● **Exercise description**
Scan the data below for the string "prems". Show every line where it turns up.

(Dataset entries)

╭──

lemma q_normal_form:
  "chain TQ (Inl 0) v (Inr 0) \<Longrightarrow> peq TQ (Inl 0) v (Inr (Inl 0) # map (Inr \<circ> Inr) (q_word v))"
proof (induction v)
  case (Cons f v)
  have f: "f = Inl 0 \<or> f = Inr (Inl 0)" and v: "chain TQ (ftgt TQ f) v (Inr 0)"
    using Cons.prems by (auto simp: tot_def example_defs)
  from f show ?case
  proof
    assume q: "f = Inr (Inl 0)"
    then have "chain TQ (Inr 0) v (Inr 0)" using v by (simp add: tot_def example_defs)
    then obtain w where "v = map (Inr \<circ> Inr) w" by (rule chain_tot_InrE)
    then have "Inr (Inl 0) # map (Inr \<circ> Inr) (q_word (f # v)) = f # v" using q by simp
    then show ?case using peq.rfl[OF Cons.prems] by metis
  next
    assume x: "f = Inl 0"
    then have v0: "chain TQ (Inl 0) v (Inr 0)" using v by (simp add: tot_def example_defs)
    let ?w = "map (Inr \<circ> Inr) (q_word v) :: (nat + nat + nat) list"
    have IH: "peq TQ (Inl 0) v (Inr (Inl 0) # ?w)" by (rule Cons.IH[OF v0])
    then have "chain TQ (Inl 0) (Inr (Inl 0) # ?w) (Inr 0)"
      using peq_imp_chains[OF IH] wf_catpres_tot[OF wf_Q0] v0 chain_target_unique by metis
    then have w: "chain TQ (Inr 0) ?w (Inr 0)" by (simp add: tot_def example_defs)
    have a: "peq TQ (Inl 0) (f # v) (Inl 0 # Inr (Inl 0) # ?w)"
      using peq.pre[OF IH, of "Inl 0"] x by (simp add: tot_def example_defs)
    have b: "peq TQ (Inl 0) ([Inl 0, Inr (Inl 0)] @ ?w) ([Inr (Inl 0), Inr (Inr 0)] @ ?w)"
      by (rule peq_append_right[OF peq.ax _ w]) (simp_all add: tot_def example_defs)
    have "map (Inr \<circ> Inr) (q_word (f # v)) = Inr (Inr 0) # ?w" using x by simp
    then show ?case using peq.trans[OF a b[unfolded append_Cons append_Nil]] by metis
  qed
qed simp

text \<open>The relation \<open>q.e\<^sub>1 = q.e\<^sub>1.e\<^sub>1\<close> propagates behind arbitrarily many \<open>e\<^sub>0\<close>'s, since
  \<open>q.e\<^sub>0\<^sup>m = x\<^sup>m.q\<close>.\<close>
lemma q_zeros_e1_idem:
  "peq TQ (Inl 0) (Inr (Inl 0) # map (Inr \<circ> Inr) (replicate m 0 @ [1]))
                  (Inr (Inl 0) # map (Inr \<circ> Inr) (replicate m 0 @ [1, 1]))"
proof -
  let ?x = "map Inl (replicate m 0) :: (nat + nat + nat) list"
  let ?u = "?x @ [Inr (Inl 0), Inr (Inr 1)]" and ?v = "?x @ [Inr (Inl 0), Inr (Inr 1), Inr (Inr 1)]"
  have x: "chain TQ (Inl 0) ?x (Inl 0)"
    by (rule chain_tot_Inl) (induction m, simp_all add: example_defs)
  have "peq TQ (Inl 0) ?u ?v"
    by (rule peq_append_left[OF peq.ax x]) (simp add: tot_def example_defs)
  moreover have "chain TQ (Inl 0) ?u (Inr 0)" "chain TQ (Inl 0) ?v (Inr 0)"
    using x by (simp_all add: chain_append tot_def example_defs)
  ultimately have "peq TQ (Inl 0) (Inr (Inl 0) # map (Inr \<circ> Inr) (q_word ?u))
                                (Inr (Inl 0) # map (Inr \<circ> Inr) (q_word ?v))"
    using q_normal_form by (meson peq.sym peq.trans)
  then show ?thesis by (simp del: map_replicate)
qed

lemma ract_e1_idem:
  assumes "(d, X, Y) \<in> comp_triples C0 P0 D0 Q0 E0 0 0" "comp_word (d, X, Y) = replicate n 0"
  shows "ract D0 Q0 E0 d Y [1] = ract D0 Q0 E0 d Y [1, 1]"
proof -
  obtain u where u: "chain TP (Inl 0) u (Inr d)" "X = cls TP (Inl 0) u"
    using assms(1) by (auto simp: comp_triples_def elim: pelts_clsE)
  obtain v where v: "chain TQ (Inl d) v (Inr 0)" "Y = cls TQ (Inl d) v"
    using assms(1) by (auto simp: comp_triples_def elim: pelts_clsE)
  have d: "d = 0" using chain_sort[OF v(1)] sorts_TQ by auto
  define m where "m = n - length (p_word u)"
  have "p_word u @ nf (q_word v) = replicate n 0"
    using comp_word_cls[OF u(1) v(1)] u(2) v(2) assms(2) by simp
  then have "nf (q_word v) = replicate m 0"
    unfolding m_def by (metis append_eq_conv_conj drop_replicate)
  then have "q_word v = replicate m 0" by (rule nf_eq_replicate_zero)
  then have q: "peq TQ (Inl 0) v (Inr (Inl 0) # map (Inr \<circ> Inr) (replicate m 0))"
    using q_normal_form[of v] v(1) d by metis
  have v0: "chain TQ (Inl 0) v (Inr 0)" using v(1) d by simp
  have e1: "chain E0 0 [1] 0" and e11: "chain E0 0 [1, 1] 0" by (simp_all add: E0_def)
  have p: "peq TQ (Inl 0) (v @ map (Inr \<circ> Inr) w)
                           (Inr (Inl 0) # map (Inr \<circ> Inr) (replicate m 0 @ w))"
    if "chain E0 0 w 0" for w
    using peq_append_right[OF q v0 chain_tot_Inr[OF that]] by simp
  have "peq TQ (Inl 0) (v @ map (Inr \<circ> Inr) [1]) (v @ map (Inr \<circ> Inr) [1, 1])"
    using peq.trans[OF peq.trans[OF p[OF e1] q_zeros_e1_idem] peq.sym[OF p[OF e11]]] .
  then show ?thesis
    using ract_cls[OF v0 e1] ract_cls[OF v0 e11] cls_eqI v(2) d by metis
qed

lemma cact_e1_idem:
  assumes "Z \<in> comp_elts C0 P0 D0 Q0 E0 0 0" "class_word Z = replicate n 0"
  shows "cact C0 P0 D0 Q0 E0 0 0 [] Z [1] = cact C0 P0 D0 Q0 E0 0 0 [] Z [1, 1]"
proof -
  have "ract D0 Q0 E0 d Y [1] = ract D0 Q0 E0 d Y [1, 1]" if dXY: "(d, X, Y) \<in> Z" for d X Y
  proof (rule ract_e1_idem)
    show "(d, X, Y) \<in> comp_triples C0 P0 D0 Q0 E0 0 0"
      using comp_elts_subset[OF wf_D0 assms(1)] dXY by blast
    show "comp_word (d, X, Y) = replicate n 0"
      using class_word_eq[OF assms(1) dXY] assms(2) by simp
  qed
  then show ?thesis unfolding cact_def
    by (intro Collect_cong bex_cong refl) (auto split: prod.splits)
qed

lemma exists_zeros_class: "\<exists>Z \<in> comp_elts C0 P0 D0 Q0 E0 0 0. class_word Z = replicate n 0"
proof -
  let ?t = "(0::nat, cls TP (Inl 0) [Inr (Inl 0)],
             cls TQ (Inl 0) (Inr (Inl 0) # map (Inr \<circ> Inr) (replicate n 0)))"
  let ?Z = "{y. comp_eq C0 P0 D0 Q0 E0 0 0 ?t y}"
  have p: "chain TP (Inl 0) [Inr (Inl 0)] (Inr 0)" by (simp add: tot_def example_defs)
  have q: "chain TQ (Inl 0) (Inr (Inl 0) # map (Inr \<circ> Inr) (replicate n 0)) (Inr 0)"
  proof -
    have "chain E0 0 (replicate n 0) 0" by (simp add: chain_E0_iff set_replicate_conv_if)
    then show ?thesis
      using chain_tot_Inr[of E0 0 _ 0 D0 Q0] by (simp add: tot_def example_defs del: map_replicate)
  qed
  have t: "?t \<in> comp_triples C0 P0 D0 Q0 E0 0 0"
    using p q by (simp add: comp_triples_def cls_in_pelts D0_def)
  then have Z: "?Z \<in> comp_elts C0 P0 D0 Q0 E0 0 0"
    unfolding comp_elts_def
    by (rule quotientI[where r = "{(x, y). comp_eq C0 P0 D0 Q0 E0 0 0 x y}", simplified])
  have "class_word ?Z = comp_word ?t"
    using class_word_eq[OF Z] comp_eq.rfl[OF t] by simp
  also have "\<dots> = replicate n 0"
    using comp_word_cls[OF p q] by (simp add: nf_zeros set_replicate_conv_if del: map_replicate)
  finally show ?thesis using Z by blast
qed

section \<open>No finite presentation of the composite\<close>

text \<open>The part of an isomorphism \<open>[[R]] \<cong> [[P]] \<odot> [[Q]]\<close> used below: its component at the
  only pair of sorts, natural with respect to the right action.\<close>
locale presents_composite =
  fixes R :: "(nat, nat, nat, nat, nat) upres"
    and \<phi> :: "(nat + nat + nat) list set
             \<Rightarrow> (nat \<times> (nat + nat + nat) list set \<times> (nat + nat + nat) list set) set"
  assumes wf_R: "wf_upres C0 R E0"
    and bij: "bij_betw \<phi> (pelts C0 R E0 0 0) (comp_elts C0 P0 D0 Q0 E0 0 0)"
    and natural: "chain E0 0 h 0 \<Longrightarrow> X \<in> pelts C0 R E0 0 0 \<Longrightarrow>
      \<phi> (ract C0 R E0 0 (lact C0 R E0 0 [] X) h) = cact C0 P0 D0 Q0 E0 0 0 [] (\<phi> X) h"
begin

╰──

● **Response to the exercise**
    using Cons.prems by (auto simp: tot_def example_defs)
    then show ?case using peq.rfl[OF Cons.prems] by metis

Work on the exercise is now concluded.